The question isn't "survey or interview" but "what information do I need?" If you want to know how many of your users are aware of a feature, use a survey. If you want to know why they don't use it, have a conversation.
Try it yourself
It's hard to describe what an AI-moderated interview feels like. Best to experience it firsthand. We're running an open study right now – 20 minutes, no login, straight in the browser.
Frequently asked questions
Can AI-moderated interviews completely replace surveys?
No. For standardised tracking (NPS, CSAT), large demographic studies, and benchmarking, surveys remain the right tool. AI interviews replace surveys where the why matters – anywhere open questions, follow-ups, and contextual understanding are what count.
How valid are the results from AI-moderated interviews?
In a controlled study from the University of Mannheim, AI-moderated interviews produced significantly richer data and zero nonsensical responses when answering identical questions – compared to a ten percent gibberish rate in traditional questionnaires.

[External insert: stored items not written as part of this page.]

lemma exists_frontier_point_inside:
  assumes P: "pos_def_matrix P" and Q: "pos_def_matrix Q"
    and z: "z \<in> ellipsoid P c \<inter> ellipsoid Q d" and e: "e \<in> ellipsoid Q d - ellipsoid P c"
  shows "\<exists>b. quad_form P (b - c) = 1 \<and> quad_form Q (b - d) < 1"
proof -
  define v where "v = e - z"
  define f where "f t = quad_form P (z - c + t *\<^sub>R v)" for t
  have "f 0 \<le> 1" "1 \<le> f 1" "continuous_on {0..1} f"
    using z e by (auto simp: f_def v_def mem_ellipsoid intro!: continuous_intros)
  then obtain t where t: "0 \<le> t" "t \<le> 1" "f t = 1"
    using IVT'[of f 0 1 1] by force
  have "t * (t - 1) * quad_form Q v \<le> 0"
    using t pos_def_matrix_quad_form_nonneg[OF Q, of v]
    by (intro mult_nonpos_nonneg mult_nonneg_nonpos) auto
  then have "quad_form Q (z - d + t *\<^sub>R v) \<le>
      (1 - t) * quad_form Q (z - d) + t * quad_form Q (e - d)"
    using quad_form_line_chord[OF pos_def_matrix_symmetric[OF Q], of "z - d" t v]
    by (simp add: v_def)
  also have "\<dots> < 1"
    using z e t by (auto simp: mem_ellipsoid convex_bound_lt)
  finally have "quad_form Q (z + t *\<^sub>R v - d) < 1"
    by (simp add: algebra_simps)
  moreover have "quad_form P (z + t *\<^sub>R v - c) = 1"
    using t(3) by (simp add: f_def algebra_simps)
  ultimately show ?thesis by blast
qed

lemma ellipsoid_sphere_eq_image_sphere:
  assumes "pos_def_matrix A"
  shows "{x. quad_form A (x - c) = 1} = (\<lambda>u. c + (1 / sqrt (quad_form A u)) *\<^sub>R u) ` sphere 0 1"
proof (intro equalityI subsetI)
  fix x assume "x \<in> {x. quad_form A (x - c) = 1}"
  then have x: "quad_form A (x - c) = 1" by simp
  then have "x \<noteq> c" by (auto simp: quad_form_def)
  define u where "u = (1 / norm (x - c)) *\<^sub>R (x - c)"
  have "quad_form A u = (1 / norm (x - c))\<^sup>2" by (simp add: u_def quad_form_scaleR x)
  then have "c + (1 / sqrt (quad_form A u)) *\<^sub>R u = x"
    using \<open>x \<noteq> c\<close> by (simp add: u_def)
  moreover have "u \<in> sphere 0 1" using \<open>x \<noteq> c\<close> by (simp add: u_def)
  ultimately show "x \<in> (\<lambda>u. c + (1 / sqrt (quad_form A u)) *\<^sub>R u) ` sphere 0 1" by blast
next
  fix x assume "x \<in> (\<lambda>u. c + (1 / sqrt (quad_form A u)) *\<^sub>R u) ` sphere 0 1"
  then obtain u where "norm u = 1" and x: "x = c + (1 / sqrt (quad_form A u)) *\<^sub>R u" by auto
  then have "quad_form A u > 0" by (intro pos_def_matrix_quad_form_pos[OF assms]) auto
  then show "x \<in> {x. quad_form A (x - c) = 1}"
    by (simp add: x quad_form_scaleR power_divide)
qed

lemma connected_ellipsoid_sphere:
  fixes A :: "real^'n^'n"
  assumes "CARD('n) \<ge> 2" "pos_def_matrix A"
  shows "connected {x. quad_form A (x - c) = 1}"
proof -
  have "sqrt (quad_form A u) \<noteq> 0" if "u \<in> sphere 0 1" for u
  proof -
    have "u \<noteq> 0" using that by auto
    then show ?thesis using pos_def_matrix_quad_form_pos[OF assms(2), of u] by simp
  qed
  then have "continuous_on (sphere 0 1) (\<lambda>u. c + (1 / sqrt (quad_form A u)) *\<^sub>R u)"
    by (intro continuous_intros) auto
  moreover have "connected (sphere (0 :: real^'n) 1)"
    using assms(1) by (simp add: connected_sphere)
  ultimately show ?thesis
    unfolding ellipsoid_sphere_eq_image_sphere[OF assms(2)] by (rule connected_continuous_image)
qed

lemma exists_common_sphere_point:
  fixes P Q :: "real^'n^'n"
  assumes "CARD('n) \<ge> 2" "pos_def_matrix P"
    and "quad_form P (a - c) = 1" "quad_form Q (a - d) \<ge> 1"
    and "quad_form P (b - c) = 1" "quad_form Q (b - d) \<le> 1"
  shows "\<exists>p. quad_form P (p - c) = 1 \<and> quad_form Q (p - d) = 1"
proof -
  let ?S = "{x. quad_form P (x - c) = 1}"
  have "connected ((\<lambda>x. quad_form Q (x - d)) ` ?S)"
    using connected_ellipsoid_sphere[OF assms(1,2)]
    by (intro connected_continuous_image continuous_intros)
  then have "1 \<in> (\<lambda>x. quad_form Q (x - d)) ` ?S"
    by (rule connectedD_interval) (use assms(3-6) in auto)
  then show ?thesis by auto
qed

lemma quad_form_pencil_at_tangency:
  assumes P: "transpose P = P" and Q: "transpose Q = Q"
    and "quad_form P (p - c) = 1" "quad_form Q (p - d) = 1"
    and tangent: "Q *v (p - d) = l *\<^sub>R (P *v (p - c))"
  shows "quad_form Q (y - d) - 1 =
    l * (quad_form P (y - c) - 1) + quad_form (Q - l *\<^sub>R P) (y - p)"
proof -
  define \<beta> where "\<beta> = (y - p) \<bullet> (P *v (p - c))"
  have F: "quad_form P (y - c) = 1 + 2 * \<beta> + quad_form P (y - p)"
    using quad_form_add[OF P, of "p - c" "y - p"] assms(3) by (simp add: \<beta>_def)
  have G: "quad_form Q (y - d) = 1 + 2 * l * \<beta> + quad_form Q (y - p)"
    using quad_form_add[OF Q, of "p - d" "y - p"] assms(4) by (simp add: \<beta>_def tangent)
  show ?thesis by (simp add: F G quad_form_pencil algebra_simps)
qed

Participants also rated the interview experience with higher satisfaction than the survey format.
What does an AI-moderated interview cost compared to a survey?
A survey with 1,000 participants costs between 2,000 and 10,000 euros depending on panel and complexity, delivering quantitative distributions. A qualitative research project with 10 to 20 human-moderated interviews costs 12,500 to 25,000 euros. AI-moderated interviews offer qualitative depth at a fraction of traditional interview costs while accommodating hundreds of participants simultaneously.
Do participants know they're talking to an AI?
Yes, and that's by design. Transparency about AI use isn't just a legal requirement under the EU AI Act – it actually improves openness in practice. People speak more honestly with an AI than with a human interviewer, because social desirability bias drops away.